## TASK OBJECTIVE
Two lines mark the range in the entries below: the one holding "text \<open>Transport the" and the one holding "unfolding gdist_def by simp". Set down those two and all lines between them, exactly.

## PROVIDED DATA
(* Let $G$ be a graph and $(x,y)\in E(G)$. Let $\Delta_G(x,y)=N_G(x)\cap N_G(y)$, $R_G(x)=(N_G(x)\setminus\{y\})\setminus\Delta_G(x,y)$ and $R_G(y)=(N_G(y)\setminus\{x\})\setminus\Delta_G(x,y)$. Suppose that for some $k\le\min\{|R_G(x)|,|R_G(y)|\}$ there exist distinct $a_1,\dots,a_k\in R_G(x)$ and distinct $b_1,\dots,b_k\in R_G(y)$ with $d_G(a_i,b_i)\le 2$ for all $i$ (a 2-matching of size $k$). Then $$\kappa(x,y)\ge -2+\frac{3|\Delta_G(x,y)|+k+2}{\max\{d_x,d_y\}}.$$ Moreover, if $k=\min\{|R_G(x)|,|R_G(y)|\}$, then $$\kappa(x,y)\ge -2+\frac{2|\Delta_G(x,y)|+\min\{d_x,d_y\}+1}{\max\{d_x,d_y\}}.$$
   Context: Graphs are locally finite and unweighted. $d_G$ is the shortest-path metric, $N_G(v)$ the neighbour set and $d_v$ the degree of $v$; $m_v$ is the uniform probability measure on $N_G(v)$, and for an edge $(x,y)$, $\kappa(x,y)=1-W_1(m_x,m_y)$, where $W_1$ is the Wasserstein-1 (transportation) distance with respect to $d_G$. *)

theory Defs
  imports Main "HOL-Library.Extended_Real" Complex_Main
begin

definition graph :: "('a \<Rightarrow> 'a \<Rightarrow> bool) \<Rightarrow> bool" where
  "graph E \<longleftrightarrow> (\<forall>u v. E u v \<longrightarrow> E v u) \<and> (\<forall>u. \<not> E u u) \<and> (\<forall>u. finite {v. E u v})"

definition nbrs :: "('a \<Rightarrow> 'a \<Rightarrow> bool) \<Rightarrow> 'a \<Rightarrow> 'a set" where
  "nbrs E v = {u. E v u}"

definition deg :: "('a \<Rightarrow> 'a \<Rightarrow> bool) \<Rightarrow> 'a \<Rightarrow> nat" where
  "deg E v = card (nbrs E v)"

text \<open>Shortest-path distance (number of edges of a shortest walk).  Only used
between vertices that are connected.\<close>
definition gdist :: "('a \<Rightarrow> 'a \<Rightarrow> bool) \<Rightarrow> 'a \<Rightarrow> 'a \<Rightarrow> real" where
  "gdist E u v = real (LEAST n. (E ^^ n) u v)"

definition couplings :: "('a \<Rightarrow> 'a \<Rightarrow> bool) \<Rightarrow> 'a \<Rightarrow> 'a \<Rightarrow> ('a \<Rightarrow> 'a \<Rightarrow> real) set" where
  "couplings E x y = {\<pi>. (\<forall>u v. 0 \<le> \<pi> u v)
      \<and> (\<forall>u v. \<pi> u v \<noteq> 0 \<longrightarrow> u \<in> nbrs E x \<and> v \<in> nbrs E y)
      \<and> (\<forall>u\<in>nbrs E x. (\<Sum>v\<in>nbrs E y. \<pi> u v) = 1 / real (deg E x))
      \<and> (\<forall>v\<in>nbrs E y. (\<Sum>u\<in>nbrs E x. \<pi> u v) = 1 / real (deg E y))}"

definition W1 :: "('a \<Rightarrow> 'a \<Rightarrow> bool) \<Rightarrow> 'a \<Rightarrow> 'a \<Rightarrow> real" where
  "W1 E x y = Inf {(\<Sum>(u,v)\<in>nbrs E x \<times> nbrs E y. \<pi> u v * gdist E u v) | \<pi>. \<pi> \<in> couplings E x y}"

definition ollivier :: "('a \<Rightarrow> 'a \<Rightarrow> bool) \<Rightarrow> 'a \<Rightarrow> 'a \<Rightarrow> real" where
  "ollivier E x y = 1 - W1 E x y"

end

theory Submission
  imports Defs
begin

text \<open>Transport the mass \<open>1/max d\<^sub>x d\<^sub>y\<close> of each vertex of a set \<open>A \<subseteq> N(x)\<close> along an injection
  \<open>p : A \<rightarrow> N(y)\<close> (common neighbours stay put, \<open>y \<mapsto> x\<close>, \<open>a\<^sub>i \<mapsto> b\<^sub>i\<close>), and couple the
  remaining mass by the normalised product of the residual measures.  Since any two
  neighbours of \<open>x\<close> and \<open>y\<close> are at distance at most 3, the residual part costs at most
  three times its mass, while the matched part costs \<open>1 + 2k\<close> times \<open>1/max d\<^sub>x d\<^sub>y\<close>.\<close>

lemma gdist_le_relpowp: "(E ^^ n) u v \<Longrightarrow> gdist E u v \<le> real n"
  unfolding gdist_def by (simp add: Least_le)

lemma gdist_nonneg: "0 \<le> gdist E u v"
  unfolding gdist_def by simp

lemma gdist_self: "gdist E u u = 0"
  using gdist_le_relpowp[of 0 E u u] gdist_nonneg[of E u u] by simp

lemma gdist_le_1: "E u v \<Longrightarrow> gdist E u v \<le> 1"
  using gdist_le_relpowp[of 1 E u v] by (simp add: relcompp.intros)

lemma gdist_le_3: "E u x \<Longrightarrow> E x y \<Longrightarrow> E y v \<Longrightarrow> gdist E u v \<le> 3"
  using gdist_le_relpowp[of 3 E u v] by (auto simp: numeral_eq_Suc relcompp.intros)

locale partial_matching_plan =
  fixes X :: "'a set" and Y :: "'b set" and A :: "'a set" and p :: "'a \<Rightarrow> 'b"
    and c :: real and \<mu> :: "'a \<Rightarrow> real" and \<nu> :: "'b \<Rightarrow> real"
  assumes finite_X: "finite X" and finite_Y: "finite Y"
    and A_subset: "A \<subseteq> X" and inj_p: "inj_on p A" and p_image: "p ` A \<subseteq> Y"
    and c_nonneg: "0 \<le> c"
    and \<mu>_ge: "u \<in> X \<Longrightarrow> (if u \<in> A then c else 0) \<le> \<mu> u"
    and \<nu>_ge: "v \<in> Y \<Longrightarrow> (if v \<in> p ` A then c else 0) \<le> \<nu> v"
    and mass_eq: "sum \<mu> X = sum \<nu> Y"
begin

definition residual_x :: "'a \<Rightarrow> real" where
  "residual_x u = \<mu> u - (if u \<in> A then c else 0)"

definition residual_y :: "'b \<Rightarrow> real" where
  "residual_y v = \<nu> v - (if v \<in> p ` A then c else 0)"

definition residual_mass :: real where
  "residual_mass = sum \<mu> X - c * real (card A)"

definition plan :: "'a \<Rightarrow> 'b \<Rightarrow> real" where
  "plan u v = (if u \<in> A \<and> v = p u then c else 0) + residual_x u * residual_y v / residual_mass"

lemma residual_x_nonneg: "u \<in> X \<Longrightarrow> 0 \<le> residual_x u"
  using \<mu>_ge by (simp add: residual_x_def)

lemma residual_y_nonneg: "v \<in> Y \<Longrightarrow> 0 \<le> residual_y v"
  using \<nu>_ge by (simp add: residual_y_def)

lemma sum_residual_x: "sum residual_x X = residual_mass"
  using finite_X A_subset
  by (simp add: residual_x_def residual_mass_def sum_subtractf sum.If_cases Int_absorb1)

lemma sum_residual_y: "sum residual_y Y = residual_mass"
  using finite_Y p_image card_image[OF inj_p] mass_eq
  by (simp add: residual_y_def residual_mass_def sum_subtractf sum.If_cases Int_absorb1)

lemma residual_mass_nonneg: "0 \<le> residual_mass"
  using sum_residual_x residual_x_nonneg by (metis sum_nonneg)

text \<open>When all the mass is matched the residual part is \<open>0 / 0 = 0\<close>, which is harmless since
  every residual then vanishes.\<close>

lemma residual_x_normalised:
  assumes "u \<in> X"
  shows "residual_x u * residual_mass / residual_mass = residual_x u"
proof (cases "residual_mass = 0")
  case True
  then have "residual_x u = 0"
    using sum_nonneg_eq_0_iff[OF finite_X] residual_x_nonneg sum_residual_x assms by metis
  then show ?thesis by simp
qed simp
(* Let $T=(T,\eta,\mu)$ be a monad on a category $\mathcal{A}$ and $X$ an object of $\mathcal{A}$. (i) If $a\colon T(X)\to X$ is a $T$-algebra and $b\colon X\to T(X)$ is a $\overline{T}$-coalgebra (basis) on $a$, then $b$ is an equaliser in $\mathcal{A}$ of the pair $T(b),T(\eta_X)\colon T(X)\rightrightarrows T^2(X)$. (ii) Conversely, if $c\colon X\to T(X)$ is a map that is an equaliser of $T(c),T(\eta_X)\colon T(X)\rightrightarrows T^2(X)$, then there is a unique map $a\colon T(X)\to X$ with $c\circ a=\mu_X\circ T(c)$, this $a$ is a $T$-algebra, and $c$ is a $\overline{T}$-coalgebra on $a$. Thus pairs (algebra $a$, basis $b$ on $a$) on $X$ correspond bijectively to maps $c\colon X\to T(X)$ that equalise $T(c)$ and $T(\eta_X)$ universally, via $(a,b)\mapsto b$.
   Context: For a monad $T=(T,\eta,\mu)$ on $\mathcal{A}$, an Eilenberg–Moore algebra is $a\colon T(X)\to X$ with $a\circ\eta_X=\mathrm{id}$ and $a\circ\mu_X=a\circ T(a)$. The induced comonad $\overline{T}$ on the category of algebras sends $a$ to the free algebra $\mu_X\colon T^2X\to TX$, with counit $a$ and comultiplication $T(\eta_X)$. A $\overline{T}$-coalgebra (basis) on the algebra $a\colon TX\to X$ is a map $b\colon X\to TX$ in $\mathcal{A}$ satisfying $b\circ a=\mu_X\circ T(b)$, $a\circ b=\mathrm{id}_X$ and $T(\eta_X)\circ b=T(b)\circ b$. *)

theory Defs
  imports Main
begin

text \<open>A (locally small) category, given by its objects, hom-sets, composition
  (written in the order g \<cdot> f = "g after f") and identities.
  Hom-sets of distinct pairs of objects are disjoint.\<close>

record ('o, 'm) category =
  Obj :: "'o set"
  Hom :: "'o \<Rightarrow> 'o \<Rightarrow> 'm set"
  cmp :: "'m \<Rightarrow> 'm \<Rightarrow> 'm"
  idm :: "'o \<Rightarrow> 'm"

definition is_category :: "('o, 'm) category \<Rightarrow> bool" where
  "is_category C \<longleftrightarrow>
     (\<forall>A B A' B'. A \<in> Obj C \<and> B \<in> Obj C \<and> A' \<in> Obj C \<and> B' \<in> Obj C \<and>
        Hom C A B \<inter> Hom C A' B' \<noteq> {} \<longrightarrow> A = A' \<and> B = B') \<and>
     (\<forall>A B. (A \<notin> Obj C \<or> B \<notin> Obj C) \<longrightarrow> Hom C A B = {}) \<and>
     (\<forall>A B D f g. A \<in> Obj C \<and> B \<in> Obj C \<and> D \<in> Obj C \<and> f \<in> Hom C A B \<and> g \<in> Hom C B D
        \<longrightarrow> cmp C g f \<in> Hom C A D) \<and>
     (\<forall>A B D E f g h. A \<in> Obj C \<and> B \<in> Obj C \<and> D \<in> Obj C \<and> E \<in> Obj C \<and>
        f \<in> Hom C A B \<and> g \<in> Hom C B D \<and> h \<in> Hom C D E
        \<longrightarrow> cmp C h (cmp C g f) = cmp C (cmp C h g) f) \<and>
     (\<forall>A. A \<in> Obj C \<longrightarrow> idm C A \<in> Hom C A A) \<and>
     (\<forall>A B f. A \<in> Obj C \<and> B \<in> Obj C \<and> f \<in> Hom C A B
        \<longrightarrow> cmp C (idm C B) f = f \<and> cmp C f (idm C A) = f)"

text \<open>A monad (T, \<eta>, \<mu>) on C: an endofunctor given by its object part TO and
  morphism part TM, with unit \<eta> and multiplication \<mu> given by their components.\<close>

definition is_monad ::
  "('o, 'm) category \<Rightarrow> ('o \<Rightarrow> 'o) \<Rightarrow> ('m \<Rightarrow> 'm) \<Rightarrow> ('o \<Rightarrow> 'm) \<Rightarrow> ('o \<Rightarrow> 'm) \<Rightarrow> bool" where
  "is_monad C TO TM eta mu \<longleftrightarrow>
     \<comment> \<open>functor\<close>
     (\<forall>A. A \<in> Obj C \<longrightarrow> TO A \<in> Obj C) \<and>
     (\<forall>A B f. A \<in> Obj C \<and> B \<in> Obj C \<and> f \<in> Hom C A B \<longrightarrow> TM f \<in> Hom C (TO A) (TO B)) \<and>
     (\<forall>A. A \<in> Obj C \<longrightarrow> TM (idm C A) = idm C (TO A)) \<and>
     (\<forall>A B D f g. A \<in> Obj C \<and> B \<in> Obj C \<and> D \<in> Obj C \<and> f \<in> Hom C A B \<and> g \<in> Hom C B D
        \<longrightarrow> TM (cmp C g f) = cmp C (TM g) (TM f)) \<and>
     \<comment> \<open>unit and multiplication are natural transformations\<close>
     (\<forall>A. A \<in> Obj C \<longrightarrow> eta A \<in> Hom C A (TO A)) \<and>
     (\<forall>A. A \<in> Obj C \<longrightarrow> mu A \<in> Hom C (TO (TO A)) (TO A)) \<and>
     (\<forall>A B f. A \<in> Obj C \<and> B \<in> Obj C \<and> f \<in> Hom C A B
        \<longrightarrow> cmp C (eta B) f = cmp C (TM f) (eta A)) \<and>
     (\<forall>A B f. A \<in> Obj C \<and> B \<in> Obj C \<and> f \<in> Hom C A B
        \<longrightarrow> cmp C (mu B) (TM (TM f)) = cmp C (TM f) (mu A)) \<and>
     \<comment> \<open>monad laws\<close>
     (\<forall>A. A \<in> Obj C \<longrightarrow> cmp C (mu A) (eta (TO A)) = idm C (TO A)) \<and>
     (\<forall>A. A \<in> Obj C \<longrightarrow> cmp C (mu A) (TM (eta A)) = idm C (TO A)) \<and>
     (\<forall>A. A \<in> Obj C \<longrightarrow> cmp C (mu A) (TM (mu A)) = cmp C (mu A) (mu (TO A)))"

## SOLVED PROBLEM
text \<open>Transport the mass \<open>1/max d\<^sub>x d\<^sub>y\<close> of each vertex of a set \<open>A \<subseteq> N(x)\<close> along an injection
  \<open>p : A \<rightarrow> N(y)\<close> (common neighbours stay put, \<open>y \<mapsto> x\<close>, \<open>a\<^sub>i \<mapsto> b\<^sub>i\<close>), and couple the
  remaining mass by the normalised product of the residual measures.  Since any two
  neighbours of \<open>x\<close> and \<open>y\<close> are at distance at most 3, the residual part costs at most
  three times its mass, while the matched part costs \<open>1 + 2k\<close> times \<open>1/max d\<^sub>x d\<^sub>y\<close>.\<close>

lemma gdist_le_relpowp: "(E ^^ n) u v \<Longrightarrow> gdist E u v \<le> real n"
  unfolding gdist_def by (simp add: Least_le)

lemma gdist_nonneg: "0 \<le> gdist E u v"
  unfolding gdist_def by simp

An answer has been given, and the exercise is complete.